Dominik observed that Rhombus has python-esque syntax but Chez-like performance, making it a good candidate for adoption in settings currently using Python. If we can have a good data science story for the ecosystem, perhaps with Qi + Machete, then we really might be onto something.

Scheduling

It's Thanksgiving next week in the US, so Sid may not be able to join the call for long as he will be visiting family.

The following week, Dominik won't be able to attend as he will be at a meeting of the 2600 club.

Next Steps

(Some of these are carried over from last time)

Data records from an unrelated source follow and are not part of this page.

(* Let $f:X\to Y$ be a morphism in $\mathcal A$. The following are equivalent: (1) $\overline f$ is a monomorphism in $\underline{\mathcal A}$; (2) for every morphism $p:T\to Y$ with $T\in\mathcal T$, if $Z$ is the pullback of $f$ and $p$ with projections $g:Z\to X$ and $h:Z\to T$, then $g$ factors through an object of $\mathcal T$. If moreover $\mathcal T$ is contravariantly finite in $\mathcal A$, then (1) and (2) are also equivalent to: (3) for some $\mathcal T$-precover $p_Y:T_Y\to Y$, the projection $g:Z\to X$ from the pullback $Z$ of $f$ and $p_Y$ factors through an object of $\mathcal T$; (4) in the left triangulated category $\underline{\mathcal A}$ there is a left triangle of the form $\Omega Y\to Z\xrightarrow{\overline 0}X\xrightarrow{\overline f}Y$.
   Context: $\mathcal A$ is an abelian category and $\mathcal T$ is a full additive subcategory of $\mathcal A$ closed under finite direct sums and direct summands. $\langle\mathcal T\rangle$ is the ideal of morphisms of $\mathcal A$ that factor through an object of $\mathcal T$; the stable category $\underline{\mathcal A}=\mathcal A/\langle\mathcal T\rangle$ has the same objects as $\mathcal A$ and $\underline{\mathcal A}(X,Y)=\mathcal A(X,Y)/\langle\mathcal T\rangle(X,Y)$; $\overline f$ denotes the class of $f$ in $\underline{\mathcal A}$. When $\mathcal T$ is contravariantly finite, $\underline{\mathcal A}$ carries the (Beligiannis–Marmaridis) left triangulated structure: the loop functor is $\Omega Y=\ker(p_Y)$ for a $\mathcal T$-precover $p_Y:T_Y\to Y$; for $f:X\to Y$ one forms the pullback $Z$ of $f$ and $p_Y$ with projections $g:Z\to X$, $h:Z\to T_Y$, and the morphism $\Omega Y\to Z$ induced by the inclusion $\ker(p_Y)\to T_Y$ and $0:\ker(p_Y)\to X$; the left triangles are the diagrams in $\underline{\mathcal A}$ isomorphic to $\Omega Y\to Z\xrightarrow{\overline g}X\xrightarrow{\overline f}Y$ obtained in this way. *)

theory Defs
  imports Main
begin

text \<open>A (small or large) category presented by an object set, hom-sets of untyped
morphisms, composition (c_comp C g f means g after f), identities, and the
additive structure on hom-sets (c_add, c_zero X Y, c_neg).\<close>

record ('o, 'm) addcat =
  c_ob   :: "'o set"
  c_hom  :: "'o \<Rightarrow> 'o \<Rightarrow> 'm set"
  c_comp :: "'m \<Rightarrow> 'm \<Rightarrow> 'm"
  c_id   :: "'o \<Rightarrow> 'm"
  c_add  :: "'m \<Rightarrow> 'm \<Rightarrow> 'm"
  c_zero :: "'o \<Rightarrow> 'o \<Rightarrow> 'm"
  c_neg  :: "'m \<Rightarrow> 'm"

definition is_category :: "('o, 'm) addcat \<Rightarrow> bool" where
  "is_category C \<longleftrightarrow>
     (\<forall>X Y. c_hom C X Y \<noteq> {} \<longrightarrow> X \<in> c_ob C \<and> Y \<in> c_ob C) \<and>
     (\<forall>X \<in> c_ob C. c_id C X \<in> c_hom C X X) \<and>
     (\<forall>X Y Z f g. f \<in> c_hom C X Y \<and> g \<in> c_hom C Y Z \<longrightarrow> c_comp C g f \<in> c_hom C X Z) \<and>
     (\<forall>W X Y Z f g h. f \<in> c_hom C W X \<and> g \<in> c_hom C X Y \<and> h \<in> c_hom C Y Z \<longrightarrow>
         c_comp C h (c_comp C g f) = c_comp C (c_comp C h g) f) \<and>
     (\<forall>X Y f. f \<in> c_hom C X Y \<longrightarrow> c_comp C (c_id C Y) f = f \<and> c_comp C f (c_id C X) = f)"

definition is_preadditive :: "('o, 'm) addcat \<Rightarrow> bool" where
  "is_preadditive C \<longleftrightarrow> is_category C \<and>
     (\<forall>X \<in> c_ob C. \<forall>Y \<in> c_ob C.
        c_zero C X Y \<in> c_hom C X Y \<and>
        (\<forall>f \<in> c_hom C X Y. \<forall>g \<in> c_hom C X Y.
            c_add C f g \<in> c_hom C X Y \<and> c_add C f g = c_add C g f) \<and>
        (\<forall>f \<in> c_hom C X Y. \<forall>g \<in> c_hom C X Y. \<forall>h \<in> c_hom C X Y.
            c_add C (c_add C f g) h = c_add C f (c_add C g h)) \<and>
        (\<forall>f \<in> c_hom C X Y. c_add C f (c_zero C X Y) = f \<and>
            c_neg C f \<in> c_hom C X Y \<and> c_add C f (c_neg C f) = c_zero C X Y)) \<and>
     (\<forall>X Y Z f g h. f \<in> c_hom C X Y \<and> g \<in> c_hom C X Y \<and> h \<in> c_hom C Y Z \<longrightarrow>
         c_comp C h (c_add C f g) = c_add C (c_comp C h f) (c_comp C h g)) \<and>
     (\<forall>X Y Z f g h. f \<in> c_hom C X Y \<and> g \<in> c_hom C Y Z \<and> h \<in> c_hom C Y Z \<longrightarrow>
         c_comp C (c_add C g h) f = c_add C (c_comp C g f) (c_comp C h f))"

  • Add bindings and effects to the Redex semantics (including: ensure that test cases validate that scoping rules are purely lexical and not dynamic)
  • Incorporate Chai into Qi.
  • Implement a compile-time table of known arities and add an entry to it as part of define-flow.
  • Ready the inlining PR to be merged and tag for code review.
  • Write phase 1 unit tests for inlining.
  • Define the define-producer, define-transformer, and define-consumer interface for extending deforestation (also encapsulating both naive and stream semantics in the definition), and re-implement existing operations using it.
  • Implement the remaining producers and transformers in racket/list for qi/list.
  • Attach a deforested syntax property in the deforestation pass, and use it in compiler rules tests (instead of string matching).
  • Improve qi/list and deforestation testing by writing a macro to simultaneously test the expansion and the semantics.
  • Investigate whether the deforested operations could be expressed using a small number of core forms like #%producer, #%transformer, #%consumer, and #%stream.
  • Decide on whether there will be any deforested operations provided in (require qi) (without (require qi/list))
  • Review which racket/list forms are actually needed in qi/list
  • Come up with a good way to validate the syntactic arguments to range using contracts.
  • Start organizing qi-lib into qi and qi/base collections
  • Publish qi/class in some form.
  • Implement DAG-like binding rules for branching forms [Syntax Spec parallel binding-spec PR]
  • Formalize Qi's semantics using Redex.
  • Incorporate effects and bindings into Qi's pen-and-paper semantic model.
  • Return to developing Qi's theory of effects, including accounting for binding rules.
  • Write a proof-of-concept for implementing code generation from abstractions of "flow" and "connective tissue" that are set by a context parameter.
  • Why is range-map-car slower against Racket following the Qi 5 release?
  • Decide on appropriate reference implementations to use for comparison in the new benchmarks report and add them.
  • Add reader flow syntax in #lang qi
  • Develop a backwards-incompatibility migration tool using Resyntax, to be used in the next Qi release.